- [Problem requirements]: Using the records below, write out again exactly the lines that begin at the line containing "real^('m::finite + 'r)" and end at the line containing "(\<chi> i. case", and no other lines.
== Information supplied
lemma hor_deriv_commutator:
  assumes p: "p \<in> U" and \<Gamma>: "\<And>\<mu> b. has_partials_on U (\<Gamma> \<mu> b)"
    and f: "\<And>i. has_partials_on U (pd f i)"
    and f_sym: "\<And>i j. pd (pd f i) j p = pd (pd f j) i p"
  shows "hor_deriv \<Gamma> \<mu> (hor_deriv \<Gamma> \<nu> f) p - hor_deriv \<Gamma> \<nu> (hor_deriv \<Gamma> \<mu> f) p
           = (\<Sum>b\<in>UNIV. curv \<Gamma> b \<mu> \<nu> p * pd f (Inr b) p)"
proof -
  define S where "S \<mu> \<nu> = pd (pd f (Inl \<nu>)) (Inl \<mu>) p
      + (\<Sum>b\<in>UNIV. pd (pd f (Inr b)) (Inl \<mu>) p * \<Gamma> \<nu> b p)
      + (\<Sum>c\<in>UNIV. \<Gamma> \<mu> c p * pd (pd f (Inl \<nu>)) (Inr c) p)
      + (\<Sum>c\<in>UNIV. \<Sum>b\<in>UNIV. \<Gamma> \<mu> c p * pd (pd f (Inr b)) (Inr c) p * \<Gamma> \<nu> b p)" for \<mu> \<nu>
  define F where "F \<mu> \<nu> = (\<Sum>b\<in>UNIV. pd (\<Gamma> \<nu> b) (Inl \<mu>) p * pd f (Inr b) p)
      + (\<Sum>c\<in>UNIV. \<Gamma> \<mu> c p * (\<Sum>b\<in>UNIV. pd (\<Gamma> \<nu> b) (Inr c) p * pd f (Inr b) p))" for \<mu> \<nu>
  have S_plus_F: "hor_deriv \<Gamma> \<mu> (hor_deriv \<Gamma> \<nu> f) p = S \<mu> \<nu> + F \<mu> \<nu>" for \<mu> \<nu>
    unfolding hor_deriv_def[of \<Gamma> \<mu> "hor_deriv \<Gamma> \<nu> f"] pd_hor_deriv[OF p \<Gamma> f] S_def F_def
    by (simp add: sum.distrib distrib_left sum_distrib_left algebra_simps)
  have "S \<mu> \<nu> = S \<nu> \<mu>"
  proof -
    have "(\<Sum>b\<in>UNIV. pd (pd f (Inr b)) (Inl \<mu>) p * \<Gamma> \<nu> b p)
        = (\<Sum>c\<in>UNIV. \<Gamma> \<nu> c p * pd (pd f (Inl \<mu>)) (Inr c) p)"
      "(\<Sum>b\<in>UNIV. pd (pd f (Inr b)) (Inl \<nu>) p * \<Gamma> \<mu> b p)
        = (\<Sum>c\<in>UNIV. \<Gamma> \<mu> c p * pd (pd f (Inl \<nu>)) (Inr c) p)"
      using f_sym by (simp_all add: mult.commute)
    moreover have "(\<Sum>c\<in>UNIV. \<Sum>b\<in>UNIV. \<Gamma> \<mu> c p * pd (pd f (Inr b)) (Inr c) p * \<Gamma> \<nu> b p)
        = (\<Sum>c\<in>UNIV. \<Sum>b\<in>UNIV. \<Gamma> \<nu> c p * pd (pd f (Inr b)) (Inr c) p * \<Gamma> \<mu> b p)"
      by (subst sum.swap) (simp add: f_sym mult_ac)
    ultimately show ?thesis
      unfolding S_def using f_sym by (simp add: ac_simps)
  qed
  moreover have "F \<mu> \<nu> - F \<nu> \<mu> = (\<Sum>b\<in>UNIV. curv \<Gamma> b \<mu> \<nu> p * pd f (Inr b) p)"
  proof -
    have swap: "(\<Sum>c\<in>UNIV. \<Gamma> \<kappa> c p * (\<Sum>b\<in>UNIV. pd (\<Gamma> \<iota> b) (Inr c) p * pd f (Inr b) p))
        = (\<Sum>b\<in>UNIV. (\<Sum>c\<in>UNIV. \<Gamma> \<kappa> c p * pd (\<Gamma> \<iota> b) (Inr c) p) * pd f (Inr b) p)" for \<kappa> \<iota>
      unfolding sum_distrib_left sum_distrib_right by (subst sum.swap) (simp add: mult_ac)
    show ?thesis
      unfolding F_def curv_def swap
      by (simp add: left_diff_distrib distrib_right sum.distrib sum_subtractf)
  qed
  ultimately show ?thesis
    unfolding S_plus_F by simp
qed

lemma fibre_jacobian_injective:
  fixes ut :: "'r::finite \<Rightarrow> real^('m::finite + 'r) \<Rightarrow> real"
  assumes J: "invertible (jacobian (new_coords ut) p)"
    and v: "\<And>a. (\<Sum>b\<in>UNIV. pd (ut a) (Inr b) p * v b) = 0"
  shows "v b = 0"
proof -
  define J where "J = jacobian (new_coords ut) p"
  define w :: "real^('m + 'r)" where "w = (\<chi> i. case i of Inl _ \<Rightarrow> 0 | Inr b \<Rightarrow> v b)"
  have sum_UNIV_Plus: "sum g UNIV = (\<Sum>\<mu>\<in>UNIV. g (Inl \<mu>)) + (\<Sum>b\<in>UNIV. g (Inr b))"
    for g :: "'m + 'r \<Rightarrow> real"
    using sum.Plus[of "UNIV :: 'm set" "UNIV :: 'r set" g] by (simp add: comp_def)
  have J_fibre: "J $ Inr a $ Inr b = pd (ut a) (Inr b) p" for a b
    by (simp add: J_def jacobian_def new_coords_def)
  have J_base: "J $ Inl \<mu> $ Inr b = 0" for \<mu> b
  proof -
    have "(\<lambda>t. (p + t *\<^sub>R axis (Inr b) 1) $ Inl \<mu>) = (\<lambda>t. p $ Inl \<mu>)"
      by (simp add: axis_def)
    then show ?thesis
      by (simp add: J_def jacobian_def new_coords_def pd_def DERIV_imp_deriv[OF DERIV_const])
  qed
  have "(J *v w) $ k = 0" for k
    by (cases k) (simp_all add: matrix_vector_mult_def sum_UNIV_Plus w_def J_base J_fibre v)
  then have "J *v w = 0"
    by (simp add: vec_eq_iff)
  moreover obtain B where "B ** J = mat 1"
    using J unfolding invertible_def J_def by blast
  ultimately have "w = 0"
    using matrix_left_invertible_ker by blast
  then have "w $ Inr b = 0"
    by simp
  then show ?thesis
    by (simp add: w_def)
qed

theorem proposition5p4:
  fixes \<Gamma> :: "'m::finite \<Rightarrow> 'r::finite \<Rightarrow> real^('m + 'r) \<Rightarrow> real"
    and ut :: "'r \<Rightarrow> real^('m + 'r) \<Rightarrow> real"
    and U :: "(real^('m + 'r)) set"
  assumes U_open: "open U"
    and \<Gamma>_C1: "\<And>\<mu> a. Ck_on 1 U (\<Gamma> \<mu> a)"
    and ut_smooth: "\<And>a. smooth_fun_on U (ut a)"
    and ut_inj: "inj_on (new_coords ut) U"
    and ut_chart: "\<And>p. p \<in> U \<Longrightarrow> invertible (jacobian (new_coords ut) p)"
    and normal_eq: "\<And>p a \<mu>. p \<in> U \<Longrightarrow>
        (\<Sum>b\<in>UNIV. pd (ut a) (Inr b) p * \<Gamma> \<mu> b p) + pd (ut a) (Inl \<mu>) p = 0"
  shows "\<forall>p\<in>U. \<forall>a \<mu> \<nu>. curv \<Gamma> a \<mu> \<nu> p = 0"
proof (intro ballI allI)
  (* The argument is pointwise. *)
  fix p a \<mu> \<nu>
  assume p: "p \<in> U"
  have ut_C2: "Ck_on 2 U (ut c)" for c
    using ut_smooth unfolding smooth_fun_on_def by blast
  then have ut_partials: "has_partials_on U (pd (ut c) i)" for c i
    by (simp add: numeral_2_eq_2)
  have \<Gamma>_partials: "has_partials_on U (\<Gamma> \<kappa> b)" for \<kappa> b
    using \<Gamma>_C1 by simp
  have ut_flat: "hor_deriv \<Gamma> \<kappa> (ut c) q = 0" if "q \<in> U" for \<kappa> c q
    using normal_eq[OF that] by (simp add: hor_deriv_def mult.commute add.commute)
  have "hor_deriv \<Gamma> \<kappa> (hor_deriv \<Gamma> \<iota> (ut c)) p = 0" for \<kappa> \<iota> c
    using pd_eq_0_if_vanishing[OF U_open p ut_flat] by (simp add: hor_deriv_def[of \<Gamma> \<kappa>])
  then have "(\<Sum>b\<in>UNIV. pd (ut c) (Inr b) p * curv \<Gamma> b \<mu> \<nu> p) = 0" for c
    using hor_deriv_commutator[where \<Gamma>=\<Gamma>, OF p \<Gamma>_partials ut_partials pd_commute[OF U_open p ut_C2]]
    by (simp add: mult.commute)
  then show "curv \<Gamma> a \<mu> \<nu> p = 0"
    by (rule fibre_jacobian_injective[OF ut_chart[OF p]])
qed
====
- [Written reply]:
  fixes ut :: "'r::finite \<Rightarrow> real^('m::finite + 'r) \<Rightarrow> real"
  assumes J: "invertible (jacobian (new_coords ut) p)"
    and v: "\<And>a. (\<Sum>b\<in>UNIV. pd (ut a) (Inr b) p * v b) = 0"
  shows "v b = 0"
proof -
  define J where "J = jacobian (new_coords ut) p"
  define w :: "real^('m + 'r)" where "w = (\<chi> i. case i of Inl _ \<Rightarrow> 0 | Inr b \<Rightarrow> v b)"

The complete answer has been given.